Problem to work on |
Go through the records below and return each line that has "symmetric" in it.

Stored records
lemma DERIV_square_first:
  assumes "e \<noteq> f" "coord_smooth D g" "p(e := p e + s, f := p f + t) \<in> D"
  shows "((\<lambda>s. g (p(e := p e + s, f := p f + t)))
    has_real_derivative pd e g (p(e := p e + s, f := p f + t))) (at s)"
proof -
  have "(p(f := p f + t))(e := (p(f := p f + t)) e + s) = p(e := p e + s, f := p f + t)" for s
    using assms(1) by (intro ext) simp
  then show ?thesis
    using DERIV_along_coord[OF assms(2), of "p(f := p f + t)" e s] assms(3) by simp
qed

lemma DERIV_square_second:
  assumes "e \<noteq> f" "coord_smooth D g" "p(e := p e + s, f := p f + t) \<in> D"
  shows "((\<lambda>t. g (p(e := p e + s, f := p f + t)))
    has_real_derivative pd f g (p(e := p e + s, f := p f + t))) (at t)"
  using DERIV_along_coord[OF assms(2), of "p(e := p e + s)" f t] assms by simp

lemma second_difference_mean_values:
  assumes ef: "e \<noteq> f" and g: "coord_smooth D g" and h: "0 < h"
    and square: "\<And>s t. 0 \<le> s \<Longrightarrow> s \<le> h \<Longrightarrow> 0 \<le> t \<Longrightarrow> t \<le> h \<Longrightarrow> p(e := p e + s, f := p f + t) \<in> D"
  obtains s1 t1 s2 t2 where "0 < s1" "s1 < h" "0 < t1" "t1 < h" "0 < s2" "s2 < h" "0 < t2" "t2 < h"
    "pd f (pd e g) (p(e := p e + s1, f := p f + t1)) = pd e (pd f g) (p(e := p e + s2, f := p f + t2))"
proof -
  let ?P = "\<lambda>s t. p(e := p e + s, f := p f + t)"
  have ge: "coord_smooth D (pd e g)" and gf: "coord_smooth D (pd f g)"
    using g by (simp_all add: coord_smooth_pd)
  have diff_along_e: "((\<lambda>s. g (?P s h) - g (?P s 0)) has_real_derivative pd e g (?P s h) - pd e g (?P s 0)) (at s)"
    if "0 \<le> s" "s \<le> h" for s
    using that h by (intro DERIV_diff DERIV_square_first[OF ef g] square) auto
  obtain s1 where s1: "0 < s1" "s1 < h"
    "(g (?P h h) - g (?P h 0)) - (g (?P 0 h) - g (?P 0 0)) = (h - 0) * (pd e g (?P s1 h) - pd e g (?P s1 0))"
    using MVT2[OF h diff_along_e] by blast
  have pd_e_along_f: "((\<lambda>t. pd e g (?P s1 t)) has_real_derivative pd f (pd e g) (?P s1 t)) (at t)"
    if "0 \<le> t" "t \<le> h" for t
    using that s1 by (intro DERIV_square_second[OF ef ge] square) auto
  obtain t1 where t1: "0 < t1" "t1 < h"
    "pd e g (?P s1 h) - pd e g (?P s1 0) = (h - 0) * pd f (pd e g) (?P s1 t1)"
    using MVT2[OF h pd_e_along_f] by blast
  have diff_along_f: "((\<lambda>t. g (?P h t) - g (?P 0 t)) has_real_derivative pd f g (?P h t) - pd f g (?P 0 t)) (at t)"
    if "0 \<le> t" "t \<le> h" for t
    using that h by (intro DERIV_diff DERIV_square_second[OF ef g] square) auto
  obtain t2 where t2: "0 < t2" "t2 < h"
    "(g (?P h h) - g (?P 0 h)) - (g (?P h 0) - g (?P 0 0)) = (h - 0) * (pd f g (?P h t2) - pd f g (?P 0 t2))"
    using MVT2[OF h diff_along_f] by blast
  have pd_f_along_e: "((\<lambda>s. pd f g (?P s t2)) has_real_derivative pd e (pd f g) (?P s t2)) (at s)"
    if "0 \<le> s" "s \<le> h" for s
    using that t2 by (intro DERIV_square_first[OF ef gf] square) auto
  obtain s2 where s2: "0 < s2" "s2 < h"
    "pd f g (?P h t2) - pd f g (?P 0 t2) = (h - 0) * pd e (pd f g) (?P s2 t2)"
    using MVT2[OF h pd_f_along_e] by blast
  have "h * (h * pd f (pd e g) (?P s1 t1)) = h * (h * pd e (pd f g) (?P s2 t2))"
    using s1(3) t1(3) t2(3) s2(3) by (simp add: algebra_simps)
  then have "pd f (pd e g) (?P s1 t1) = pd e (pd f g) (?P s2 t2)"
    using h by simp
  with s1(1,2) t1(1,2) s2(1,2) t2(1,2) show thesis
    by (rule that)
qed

--

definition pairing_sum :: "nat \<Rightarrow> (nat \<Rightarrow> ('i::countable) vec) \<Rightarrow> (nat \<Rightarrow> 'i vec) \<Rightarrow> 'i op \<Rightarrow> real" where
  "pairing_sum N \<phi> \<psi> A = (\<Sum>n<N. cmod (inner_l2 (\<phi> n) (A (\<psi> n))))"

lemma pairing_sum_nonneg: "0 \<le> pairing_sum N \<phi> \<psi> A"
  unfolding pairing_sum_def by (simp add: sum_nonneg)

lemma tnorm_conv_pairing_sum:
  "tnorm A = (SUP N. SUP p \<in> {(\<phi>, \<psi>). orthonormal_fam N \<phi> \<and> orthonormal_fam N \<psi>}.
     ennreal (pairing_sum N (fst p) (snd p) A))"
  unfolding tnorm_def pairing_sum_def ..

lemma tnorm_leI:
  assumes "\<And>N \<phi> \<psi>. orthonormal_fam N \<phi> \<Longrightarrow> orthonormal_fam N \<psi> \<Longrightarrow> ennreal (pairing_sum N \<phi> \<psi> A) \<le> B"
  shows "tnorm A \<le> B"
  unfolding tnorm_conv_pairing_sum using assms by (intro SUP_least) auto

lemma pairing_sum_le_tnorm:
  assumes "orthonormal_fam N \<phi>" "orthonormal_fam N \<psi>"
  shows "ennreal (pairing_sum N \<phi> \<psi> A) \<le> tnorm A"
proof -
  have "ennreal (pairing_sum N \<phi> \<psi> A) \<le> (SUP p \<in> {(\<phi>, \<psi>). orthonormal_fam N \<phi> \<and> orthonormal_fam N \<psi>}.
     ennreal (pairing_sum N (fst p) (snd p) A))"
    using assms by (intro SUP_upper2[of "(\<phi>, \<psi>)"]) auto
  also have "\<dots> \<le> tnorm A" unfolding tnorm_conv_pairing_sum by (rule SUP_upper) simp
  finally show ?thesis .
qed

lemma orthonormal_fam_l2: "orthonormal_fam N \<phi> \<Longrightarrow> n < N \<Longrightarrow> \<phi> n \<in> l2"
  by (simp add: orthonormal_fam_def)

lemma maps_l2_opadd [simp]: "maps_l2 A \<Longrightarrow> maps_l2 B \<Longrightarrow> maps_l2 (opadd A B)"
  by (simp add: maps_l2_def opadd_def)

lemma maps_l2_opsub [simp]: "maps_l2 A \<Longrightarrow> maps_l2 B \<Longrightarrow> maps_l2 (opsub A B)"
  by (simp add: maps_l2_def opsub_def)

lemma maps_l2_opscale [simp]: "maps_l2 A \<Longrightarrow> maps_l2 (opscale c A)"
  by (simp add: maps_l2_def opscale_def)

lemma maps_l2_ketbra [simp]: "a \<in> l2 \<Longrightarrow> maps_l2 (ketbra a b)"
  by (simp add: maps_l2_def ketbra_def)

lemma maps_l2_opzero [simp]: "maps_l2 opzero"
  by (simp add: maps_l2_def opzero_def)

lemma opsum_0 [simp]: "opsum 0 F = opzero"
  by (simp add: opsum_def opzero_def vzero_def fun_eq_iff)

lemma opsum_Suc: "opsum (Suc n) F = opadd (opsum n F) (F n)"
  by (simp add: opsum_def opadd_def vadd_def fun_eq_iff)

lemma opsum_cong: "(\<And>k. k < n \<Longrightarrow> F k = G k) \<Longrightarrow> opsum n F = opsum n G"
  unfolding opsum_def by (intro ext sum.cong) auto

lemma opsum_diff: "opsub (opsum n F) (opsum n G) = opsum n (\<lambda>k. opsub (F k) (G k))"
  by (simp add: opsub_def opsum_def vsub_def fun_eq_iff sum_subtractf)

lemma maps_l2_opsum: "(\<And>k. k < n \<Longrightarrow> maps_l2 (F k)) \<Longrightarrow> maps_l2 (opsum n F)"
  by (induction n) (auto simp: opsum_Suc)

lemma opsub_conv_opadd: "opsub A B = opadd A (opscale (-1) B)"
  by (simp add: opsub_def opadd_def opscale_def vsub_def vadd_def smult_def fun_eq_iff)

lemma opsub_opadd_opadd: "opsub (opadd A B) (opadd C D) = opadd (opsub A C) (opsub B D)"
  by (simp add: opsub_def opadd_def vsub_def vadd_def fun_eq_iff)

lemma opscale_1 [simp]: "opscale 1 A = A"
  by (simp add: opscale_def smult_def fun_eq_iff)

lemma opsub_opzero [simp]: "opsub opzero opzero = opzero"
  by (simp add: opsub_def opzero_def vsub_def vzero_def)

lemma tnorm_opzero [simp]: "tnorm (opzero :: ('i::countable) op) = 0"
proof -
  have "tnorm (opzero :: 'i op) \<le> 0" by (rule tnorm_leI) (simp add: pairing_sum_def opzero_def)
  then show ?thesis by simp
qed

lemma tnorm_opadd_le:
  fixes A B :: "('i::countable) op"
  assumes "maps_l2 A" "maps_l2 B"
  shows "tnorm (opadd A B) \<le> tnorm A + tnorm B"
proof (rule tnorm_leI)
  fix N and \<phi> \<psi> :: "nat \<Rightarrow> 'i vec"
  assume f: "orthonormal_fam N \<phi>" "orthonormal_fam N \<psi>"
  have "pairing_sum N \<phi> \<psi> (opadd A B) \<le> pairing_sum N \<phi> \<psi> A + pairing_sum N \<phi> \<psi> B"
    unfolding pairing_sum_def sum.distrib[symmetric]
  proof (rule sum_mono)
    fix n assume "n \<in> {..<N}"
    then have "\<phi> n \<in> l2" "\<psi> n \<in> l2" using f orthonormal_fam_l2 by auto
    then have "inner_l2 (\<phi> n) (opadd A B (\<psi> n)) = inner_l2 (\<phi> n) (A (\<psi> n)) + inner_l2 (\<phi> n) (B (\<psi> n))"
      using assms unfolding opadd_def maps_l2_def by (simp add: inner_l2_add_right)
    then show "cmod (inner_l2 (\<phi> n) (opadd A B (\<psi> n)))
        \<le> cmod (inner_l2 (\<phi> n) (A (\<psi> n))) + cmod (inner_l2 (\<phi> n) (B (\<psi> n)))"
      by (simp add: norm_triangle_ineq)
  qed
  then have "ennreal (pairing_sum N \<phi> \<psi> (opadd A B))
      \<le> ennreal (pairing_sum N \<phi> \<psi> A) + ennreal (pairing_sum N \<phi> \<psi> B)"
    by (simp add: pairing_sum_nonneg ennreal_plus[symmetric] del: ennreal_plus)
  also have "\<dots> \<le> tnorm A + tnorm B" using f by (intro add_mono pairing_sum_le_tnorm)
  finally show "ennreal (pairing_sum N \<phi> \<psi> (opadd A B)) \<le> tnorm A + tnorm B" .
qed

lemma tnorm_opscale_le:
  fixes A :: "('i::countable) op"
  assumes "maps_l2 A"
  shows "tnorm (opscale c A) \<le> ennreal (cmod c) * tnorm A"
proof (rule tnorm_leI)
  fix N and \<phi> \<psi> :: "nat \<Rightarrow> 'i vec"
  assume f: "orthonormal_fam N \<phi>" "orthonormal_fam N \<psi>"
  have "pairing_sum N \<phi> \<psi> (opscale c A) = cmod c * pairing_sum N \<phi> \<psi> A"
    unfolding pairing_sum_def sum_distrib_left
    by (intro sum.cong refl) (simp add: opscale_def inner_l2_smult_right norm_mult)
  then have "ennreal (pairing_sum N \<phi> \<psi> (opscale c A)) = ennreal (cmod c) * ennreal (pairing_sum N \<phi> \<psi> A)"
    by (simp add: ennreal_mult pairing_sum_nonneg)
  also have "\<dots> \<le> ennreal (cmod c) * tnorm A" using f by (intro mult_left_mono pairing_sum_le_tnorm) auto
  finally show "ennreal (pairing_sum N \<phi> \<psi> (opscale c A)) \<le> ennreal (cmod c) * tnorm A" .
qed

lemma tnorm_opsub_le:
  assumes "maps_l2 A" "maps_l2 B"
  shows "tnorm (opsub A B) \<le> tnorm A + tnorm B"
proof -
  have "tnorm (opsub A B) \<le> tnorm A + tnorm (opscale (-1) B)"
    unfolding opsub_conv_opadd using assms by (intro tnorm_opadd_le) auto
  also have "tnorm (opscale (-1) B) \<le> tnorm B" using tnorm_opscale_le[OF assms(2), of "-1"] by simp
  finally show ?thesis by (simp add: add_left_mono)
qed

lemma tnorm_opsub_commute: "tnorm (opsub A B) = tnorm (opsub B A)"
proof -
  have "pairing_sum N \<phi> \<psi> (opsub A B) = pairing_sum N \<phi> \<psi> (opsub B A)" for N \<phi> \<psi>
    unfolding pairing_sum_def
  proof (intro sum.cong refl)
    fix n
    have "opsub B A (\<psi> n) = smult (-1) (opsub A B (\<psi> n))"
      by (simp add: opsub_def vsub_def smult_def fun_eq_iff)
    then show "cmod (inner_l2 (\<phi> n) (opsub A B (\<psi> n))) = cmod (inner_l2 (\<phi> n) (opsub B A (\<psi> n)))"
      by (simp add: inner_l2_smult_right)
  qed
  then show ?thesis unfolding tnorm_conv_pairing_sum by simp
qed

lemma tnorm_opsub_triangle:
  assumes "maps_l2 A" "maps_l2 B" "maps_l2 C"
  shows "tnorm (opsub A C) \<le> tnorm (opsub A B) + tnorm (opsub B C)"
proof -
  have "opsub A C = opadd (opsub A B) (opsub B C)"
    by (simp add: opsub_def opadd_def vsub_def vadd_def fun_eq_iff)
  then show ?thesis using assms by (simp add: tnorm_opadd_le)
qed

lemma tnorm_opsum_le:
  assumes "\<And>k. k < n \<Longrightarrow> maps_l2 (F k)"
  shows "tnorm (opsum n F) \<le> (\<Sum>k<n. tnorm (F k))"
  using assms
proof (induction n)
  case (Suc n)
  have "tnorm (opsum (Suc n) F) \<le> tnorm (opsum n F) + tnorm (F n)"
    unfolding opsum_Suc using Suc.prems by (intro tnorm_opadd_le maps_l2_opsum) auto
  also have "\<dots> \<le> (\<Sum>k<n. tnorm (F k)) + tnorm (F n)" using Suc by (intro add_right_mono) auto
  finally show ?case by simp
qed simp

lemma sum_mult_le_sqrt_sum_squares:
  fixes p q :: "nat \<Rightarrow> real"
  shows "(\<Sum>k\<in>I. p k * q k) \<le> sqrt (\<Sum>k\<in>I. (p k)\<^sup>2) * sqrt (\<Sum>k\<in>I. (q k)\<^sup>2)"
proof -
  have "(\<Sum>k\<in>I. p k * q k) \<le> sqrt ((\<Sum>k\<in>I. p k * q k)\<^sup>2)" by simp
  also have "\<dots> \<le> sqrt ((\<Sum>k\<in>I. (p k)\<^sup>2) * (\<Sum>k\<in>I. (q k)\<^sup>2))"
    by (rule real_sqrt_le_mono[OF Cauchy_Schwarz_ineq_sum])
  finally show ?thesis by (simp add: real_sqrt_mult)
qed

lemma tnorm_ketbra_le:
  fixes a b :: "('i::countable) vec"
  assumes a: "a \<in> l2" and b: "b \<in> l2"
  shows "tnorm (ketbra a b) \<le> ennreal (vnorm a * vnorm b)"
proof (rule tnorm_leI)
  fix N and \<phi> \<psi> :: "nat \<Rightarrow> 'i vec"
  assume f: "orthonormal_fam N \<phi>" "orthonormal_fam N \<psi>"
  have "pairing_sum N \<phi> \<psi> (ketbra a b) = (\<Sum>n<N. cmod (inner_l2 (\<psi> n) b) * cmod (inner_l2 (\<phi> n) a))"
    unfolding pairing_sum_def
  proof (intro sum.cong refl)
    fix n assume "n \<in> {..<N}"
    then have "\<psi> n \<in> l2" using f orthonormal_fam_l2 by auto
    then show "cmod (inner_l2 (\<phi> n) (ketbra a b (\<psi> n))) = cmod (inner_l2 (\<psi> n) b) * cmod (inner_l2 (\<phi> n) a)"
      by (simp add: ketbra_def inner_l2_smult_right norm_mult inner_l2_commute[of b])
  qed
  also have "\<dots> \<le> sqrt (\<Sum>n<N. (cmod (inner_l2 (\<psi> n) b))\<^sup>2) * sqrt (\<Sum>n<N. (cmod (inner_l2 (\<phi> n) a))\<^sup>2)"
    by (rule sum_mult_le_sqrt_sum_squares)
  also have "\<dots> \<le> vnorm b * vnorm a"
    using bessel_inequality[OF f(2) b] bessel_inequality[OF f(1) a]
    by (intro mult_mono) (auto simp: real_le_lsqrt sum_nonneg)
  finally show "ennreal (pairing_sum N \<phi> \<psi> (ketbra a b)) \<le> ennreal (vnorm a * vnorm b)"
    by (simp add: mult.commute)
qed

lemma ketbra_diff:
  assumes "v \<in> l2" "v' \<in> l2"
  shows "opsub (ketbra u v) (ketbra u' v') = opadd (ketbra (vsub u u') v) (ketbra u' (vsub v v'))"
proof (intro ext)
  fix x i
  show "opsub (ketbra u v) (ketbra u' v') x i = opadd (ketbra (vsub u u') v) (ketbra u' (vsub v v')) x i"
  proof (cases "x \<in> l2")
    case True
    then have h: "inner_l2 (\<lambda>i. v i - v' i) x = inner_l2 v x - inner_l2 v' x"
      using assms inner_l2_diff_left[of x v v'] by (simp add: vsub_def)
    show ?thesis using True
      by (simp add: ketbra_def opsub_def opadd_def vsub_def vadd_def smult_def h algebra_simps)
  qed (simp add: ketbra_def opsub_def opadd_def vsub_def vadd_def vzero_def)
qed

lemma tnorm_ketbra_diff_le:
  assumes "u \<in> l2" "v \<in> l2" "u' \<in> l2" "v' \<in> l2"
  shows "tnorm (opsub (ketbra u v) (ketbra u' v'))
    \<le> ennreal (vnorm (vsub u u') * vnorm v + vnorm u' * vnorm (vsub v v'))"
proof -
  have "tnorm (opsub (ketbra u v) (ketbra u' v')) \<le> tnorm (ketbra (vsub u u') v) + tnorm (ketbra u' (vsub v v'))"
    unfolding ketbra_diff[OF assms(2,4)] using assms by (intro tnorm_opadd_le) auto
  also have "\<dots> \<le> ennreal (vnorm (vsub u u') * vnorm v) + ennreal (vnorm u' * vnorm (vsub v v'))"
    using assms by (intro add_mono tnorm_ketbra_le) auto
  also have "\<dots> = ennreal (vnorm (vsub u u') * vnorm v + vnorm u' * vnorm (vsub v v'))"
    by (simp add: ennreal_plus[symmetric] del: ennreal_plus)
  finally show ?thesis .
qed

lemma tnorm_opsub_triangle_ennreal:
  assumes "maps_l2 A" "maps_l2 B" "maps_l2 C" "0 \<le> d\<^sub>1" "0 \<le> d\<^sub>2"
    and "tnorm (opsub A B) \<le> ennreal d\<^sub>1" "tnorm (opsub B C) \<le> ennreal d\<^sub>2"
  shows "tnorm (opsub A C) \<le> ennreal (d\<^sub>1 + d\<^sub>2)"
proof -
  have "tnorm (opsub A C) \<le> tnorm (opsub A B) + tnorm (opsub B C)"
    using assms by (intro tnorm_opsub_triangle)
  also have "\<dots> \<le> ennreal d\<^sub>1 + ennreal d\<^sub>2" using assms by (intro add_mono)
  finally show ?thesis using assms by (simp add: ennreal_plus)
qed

...

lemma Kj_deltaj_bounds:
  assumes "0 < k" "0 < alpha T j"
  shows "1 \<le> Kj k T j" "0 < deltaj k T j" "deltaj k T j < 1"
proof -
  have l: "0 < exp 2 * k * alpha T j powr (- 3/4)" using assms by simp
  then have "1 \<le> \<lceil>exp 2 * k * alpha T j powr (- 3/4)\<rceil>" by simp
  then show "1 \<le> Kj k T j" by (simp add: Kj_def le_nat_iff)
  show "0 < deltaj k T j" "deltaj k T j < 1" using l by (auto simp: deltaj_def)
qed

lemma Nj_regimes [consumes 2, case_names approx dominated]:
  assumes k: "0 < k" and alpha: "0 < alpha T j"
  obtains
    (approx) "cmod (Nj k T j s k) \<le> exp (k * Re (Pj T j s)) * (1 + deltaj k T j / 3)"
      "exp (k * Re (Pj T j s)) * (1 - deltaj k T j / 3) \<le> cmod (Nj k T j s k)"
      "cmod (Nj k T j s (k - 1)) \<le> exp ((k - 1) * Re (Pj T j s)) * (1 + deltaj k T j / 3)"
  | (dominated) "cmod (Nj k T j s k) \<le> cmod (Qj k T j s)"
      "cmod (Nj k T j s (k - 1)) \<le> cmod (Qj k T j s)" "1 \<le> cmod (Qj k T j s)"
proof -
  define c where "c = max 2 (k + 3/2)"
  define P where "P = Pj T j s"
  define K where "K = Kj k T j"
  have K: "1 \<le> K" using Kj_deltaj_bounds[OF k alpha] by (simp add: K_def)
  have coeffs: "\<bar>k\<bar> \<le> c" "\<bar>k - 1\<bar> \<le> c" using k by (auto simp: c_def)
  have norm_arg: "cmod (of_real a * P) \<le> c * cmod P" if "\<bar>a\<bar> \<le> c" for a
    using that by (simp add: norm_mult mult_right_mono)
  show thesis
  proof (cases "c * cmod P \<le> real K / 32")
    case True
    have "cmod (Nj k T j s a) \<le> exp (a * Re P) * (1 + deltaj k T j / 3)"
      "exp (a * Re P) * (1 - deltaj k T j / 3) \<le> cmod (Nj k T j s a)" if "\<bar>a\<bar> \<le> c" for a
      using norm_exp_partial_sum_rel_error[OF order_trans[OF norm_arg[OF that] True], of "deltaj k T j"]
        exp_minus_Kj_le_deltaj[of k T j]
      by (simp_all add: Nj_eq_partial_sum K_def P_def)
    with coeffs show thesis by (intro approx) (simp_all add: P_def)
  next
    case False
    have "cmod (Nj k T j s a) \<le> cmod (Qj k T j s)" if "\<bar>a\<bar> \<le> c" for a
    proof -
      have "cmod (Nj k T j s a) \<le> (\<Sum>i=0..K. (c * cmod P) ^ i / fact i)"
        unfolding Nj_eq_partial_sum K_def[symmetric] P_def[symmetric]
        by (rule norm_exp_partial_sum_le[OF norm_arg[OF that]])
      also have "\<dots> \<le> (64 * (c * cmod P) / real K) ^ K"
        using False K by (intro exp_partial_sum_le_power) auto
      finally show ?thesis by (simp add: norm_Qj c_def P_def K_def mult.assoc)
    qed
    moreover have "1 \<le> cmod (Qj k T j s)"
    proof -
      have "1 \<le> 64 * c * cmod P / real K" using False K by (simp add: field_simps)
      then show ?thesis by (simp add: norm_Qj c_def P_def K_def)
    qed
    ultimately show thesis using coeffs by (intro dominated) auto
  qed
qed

Solution for this problem |
    unfolding pairing_sum_def sum.distrib[symmetric]
    by (simp add: pairing_sum_nonneg ennreal_plus[symmetric] del: ennreal_plus)
    by (simp add: ennreal_plus[symmetric] del: ennreal_plus)
        unfolding Nj_eq_partial_sum K_def[symmetric] P_def[symmetric]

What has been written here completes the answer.